Slicer Networks
Hang Zhang, Xiang Chen, Rongguang Wang, Renjiu Hu, Dongdong Liu, Gaolei Li
TL;DR
The paper presents the Slicer Network, a two-branch architecture that couples a standard encoder with a differentiable, learnable cross-bilateral grid to perform edge-preserving, low-frequency upsampling. By replacing conventional upsampling with a splatting-blurring-slicing pipeline guided by a learned map, the network expands the effective receptive field while preserving object boundaries, reducing computation in piecewise-smooth medical images. The method is validated on three tasks—unsupervised cardiac cine-MRI registration, keypoints-based lung CT registration, and dermoscopy skin lesion segmentation—demonstrating improved accuracy and efficiency, including zero-shot capabilities for keypoints.
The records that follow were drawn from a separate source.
lemma nn_integral_abs_powr_near_finite:
  assumes s: "0 < s" "s < 1"
  shows "(\<integral>\<^sup>+z. ennreal (indicator {z. \<bar>z\<bar> < 1} z * \<bar>z\<bar> powr (- s)) \<partial>lborel) < \<infinity>"
proof -
  let ?h = "\<lambda>z::real. ennreal (indicator {0..1} z * z powr (- s))"
  have "(\<integral>\<^sup>+z. ennreal (indicator {z. \<bar>z\<bar> < 1} z * \<bar>z\<bar> powr (- s)) \<partial>lborel)
      \<le> (\<integral>\<^sup>+z. ?h z + ?h (- z) \<partial>lborel)"
    by (intro nn_integral_mono) (auto simp: indicator_def)
  also have "\<dots> = (\<integral>\<^sup>+z. ?h z \<partial>lborel) + (\<integral>\<^sup>+z. ?h (- z) \<partial>lborel)"
    by (rule nn_integral_add) auto
  also have "(\<integral>\<^sup>+z. ?h (- z) \<partial>lborel) = (\<integral>\<^sup>+z. ?h z \<partial>lborel)"
    by (rule nn_integral_lborel_reflect) auto
  also have "(\<integral>\<^sup>+z. ?h z \<partial>lborel) + (\<integral>\<^sup>+z. ?h z \<partial>lborel) < \<infinity>"
    unfolding nn_integral_powr_01[OF s] by (simp add: ennreal_plus[symmetric] del: ennreal_plus)
  finally show ?thesis .
qed
lemma f_bij: "z < n \<Longrightarrow> z' < n \<Longrightarrow> s \<in> SS z \<Longrightarrow> bij_betw (f z z' s) (TT z') (TT z')"
  using f_orth unfolding orth_group_def by auto

lemma f_in_T [simp]: "z < n \<Longrightarrow> z' < n \<Longrightarrow> s \<in> SS z \<Longrightarrow> x \<in> TT z' \<Longrightarrow> f z z' s x \<in> TT z'"
  using f_bij bij_betwE by blast

lemma f_add: "z < n \<Longrightarrow> z' < n \<Longrightarrow> s \<in> SS z \<Longrightarrow> x \<in> TT z' \<Longrightarrow> y \<in> TT z' \<Longrightarrow>
    f z z' s (x + y) = f z z' s x + f z z' s y"
  using f_orth unfolding orth_group_def by auto

lemma f_shift_add: "z < n \<Longrightarrow> z' < n \<Longrightarrow> s1 \<in> SS z \<Longrightarrow> s2 \<in> SS z \<Longrightarrow> x \<in> TT z' \<Longrightarrow>
    f z z' (s1 + s2) x = f z z' s1 (f z z' s2 x)"
  using setting unfolding setting_def by auto

lemma f_commute: "z1 < n \<Longrightarrow> z2 < n \<Longrightarrow> z < n \<Longrightarrow> s1 \<in> SS z1 \<Longrightarrow> s2 \<in> SS z2 \<Longrightarrow> x \<in> TT z \<Longrightarrow>
    f z1 z s1 (f z2 z s2 x) = f z2 z s2 (f z1 z s1 x)"
  using setting unfolding setting_def by auto

lemma f_diag [simp]: "z < n \<Longrightarrow> s \<in> SS z \<Longrightarrow> x \<in> TT z \<Longrightarrow> f z z s x = x"
  using setting unfolding setting_def by auto

lemma f_zero [simp]: "z < n \<Longrightarrow> z' < n \<Longrightarrow> s \<in> SS z \<Longrightarrow> f z z' s 0 = 0"
  using f_add[of z z' s 0 0] by simp

lemma f_zero_shift [simp]:
  assumes "z < n" "z' < n" "x \<in> TT z'"
  shows "f z z' 0 x = x"
proof -
  have "inj_on (f z z' 0) (TT z')" using f_bij[OF assms(1,2) S_zero[OF assms(1)]] by (simp add: bij_betw_def)
  moreover have "f z z' 0 (f z z' 0 x) = f z z' 0 x" using f_shift_add[of z z' 0 0 x] assms by simp
  ultimately show ?thesis using assms by (auto dest: inj_onD)
qed

definition fchain :: "nat \<Rightarrow> nat list \<Rightarrow> (nat \<Rightarrow> 's) \<Rightarrow> 't \<Rightarrow> 't" where
  "fchain z L s = foldr (\<lambda>z' g. f z' z (s z') \<circ> g) L id"

definition shifts_in :: "nat list \<Rightarrow> (nat \<Rightarrow> 's) \<Rightarrow> bool" where
  "shifts_in L s \<longleftrightarrow> (\<forall>z'\<in>set L. z' < n \<and> s z' \<in> SS z')"

lemma fchain_Nil [simp]: "fchain z [] s = id"
  by (simp add: fchain_def)

lemma fchain_Cons [simp]: "fchain z (a # L) s = f a z (s a) \<circ> fchain z L s"
  by (simp add: fchain_def)

lemma shifts_in_Cons [simp]: "shifts_in (a # L) s \<longleftrightarrow> a < n \<and> s a \<in> SS a \<and> shifts_in L s"
  by (auto simp: shifts_in_def)

lemma fchain_in_T [simp]: "z < n \<Longrightarrow> shifts_in L s \<Longrightarrow> x \<in> TT z \<Longrightarrow> fchain z L s x \<in> TT z"
  by (induction L) auto

lemma fchain_add: "z < n \<Longrightarrow> shifts_in L s \<Longrightarrow> x \<in> TT z \<Longrightarrow> y \<in> TT z \<Longrightarrow>
    fchain z L s (x + y) = fchain z L s x + fchain z L s y"
  by (induction L) (auto simp: f_add)

lemma fchain_zero [simp]: "z < n \<Longrightarrow> shifts_in L s \<Longrightarrow> fchain z L s 0 = 0"
  by (induction L) auto

lemma fchain_concentrated: "z < n \<Longrightarrow> shifts_in L s \<Longrightarrow> \<forall>z'\<in>set L. z' \<noteq> z \<longrightarrow> s z' = 0 \<Longrightarrow>
    x \<in> TT z \<Longrightarrow> fchain z L s x = x"
  by (induction L) auto

lemma fchain_f_commute: "z < n \<Longrightarrow> shifts_in L s \<Longrightarrow> z1 < n \<Longrightarrow> r \<in> SS z1 \<Longrightarrow> x \<in> TT z \<Longrightarrow>
    f z1 z r (fchain z L s x) = fchain z L s (f z1 z r x)"
  by (induction L) (auto simp: f_commute)

lemma fchain_shift_add:
  "z < n \<Longrightarrow> shifts_in L s \<Longrightarrow> shifts_in L s' \<Longrightarrow> x \<in> TT z \<Longrightarrow>
    fchain z L (\<lambda>z'. s z' + s' z') x = fchain z L s (fchain z L s' x)"
proof (induction L arbitrary: x)
  case Nil
  then show ?case by simp
next
  case (Cons a L)
  have "fchain z (a # L) (\<lambda>z'. s z' + s' z') x = f a z (s a + s' a) (fchain z L s (fchain z L s' x))"
    using Cons by simp
  also have "\<dots> = f a z (s a) (f a z (s' a) (fchain z L s (fchain z L s' x)))"
    using Cons by (simp add: f_shift_add)
  also have "\<dots> = f a z (s a) (fchain z L s (f a z (s' a) (fchain z L s' x)))"
    \<comment> \<open>the actions f z1 z and f z2 z commute\<close>
    using Cons by (simp add: fchain_f_commute)
  finally show ?case by simp
qed
lemma reach_within_snoc:
  assumes "reach_within n W F x z" "F z y" "y \<in> W"
  shows "reach_within (Suc n) W F x y"
proof -
  obtain ps where ps: "ps \<noteq> []" "hd ps = x" "last ps = z" "distinct ps" "set ps \<subseteq> W"
    "length ps \<le> n + 1" and steps: "\<forall>i < length ps - 1. F (ps ! i) (ps ! (i + 1))"
    using assms(1) unfolding reach_within_def by blast
  show ?thesis
  proof (cases "y \<in> set ps")
    case True
    then obtain i where i: "i < length ps" "ps ! i = y" by (meson in_set_conv_nth)
    let ?qs = "take (Suc i) ps"
    have "last ?qs = y" using i by (simp add: take_Suc_conv_app_nth)
    moreover have "\<forall>j < length ?qs - 1. F (?qs ! j) (?qs ! (j + 1))" using steps i by simp
    moreover have "set ?qs \<subseteq> W" using ps(5) set_take_subset by fastforce
    ultimately show ?thesis unfolding reach_within_def
      using ps(1,2,4,6) by (intro exI[of _ ?qs]) simp
  next
    case False
    have "\<forall>i < length (ps @ [y]) - 1. F ((ps @ [y]) ! i) ((ps @ [y]) ! (i + 1))"
    proof (intro allI impI)
      fix i assume i: "i < length (ps @ [y]) - 1"
      show "F ((ps @ [y]) ! i) ((ps @ [y]) ! (i + 1))"
      proof (cases "Suc i < length ps")
        case True
        then show ?thesis using steps by (simp add: nth_append)
      next
        case False
        then have "i = length ps - 1" using i by simp
        then show ?thesis using ps(1,3) assms(2) by (simp add: nth_append last_conv_nth)
      qed
    qed
    then show ?thesis unfolding reach_within_def
      using ps(1,2,4-6) False assms(3) by (intro exI[of _ "ps @ [y]"]) simp
  qed
qed

lemma reach_within_edge: "x \<in> W \<Longrightarrow> F x y \<Longrightarrow> y \<in> W \<Longrightarrow> reach_within 1 W F x y"
  using reach_within_snoc[OF reach_within_refl] by simp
These results suggest broad applicability for medical image analysis tasks that exhibit piecewise smooth structure and boundary detail, with potential for further improvements via adaptive filtering and guidance-map learning.
Abstract
In medical imaging, scans often reveal objects with varied contrasts but consistent internal intensities or textures. This characteristic enables the use of low-frequency approximations for tasks such as segmentation and deformation field estimation. Yet, integrating this concept into neural network architectures for medical image analysis remains underexplored. In this paper, we propose the Slicer Network, a novel architecture designed to leverage these traits. Comprising an encoder utilizing models like vision transformers for feature extraction and a slicer employing a learnable bilateral grid, the Slicer Network strategically refines and upsamples feature maps via a splatting-blurring-slicing process. This introduces an edge-preserving low-frequency approximation for the network outcome, effectively enlarging the effective receptive field. The enhancement not only reduces computational complexity but also boosts overall performance. Experiments across different medical imaging applications, including unsupervised and keypoints-based image registration and lesion segmentation, have verified the Slicer Network's improved accuracy and efficiency.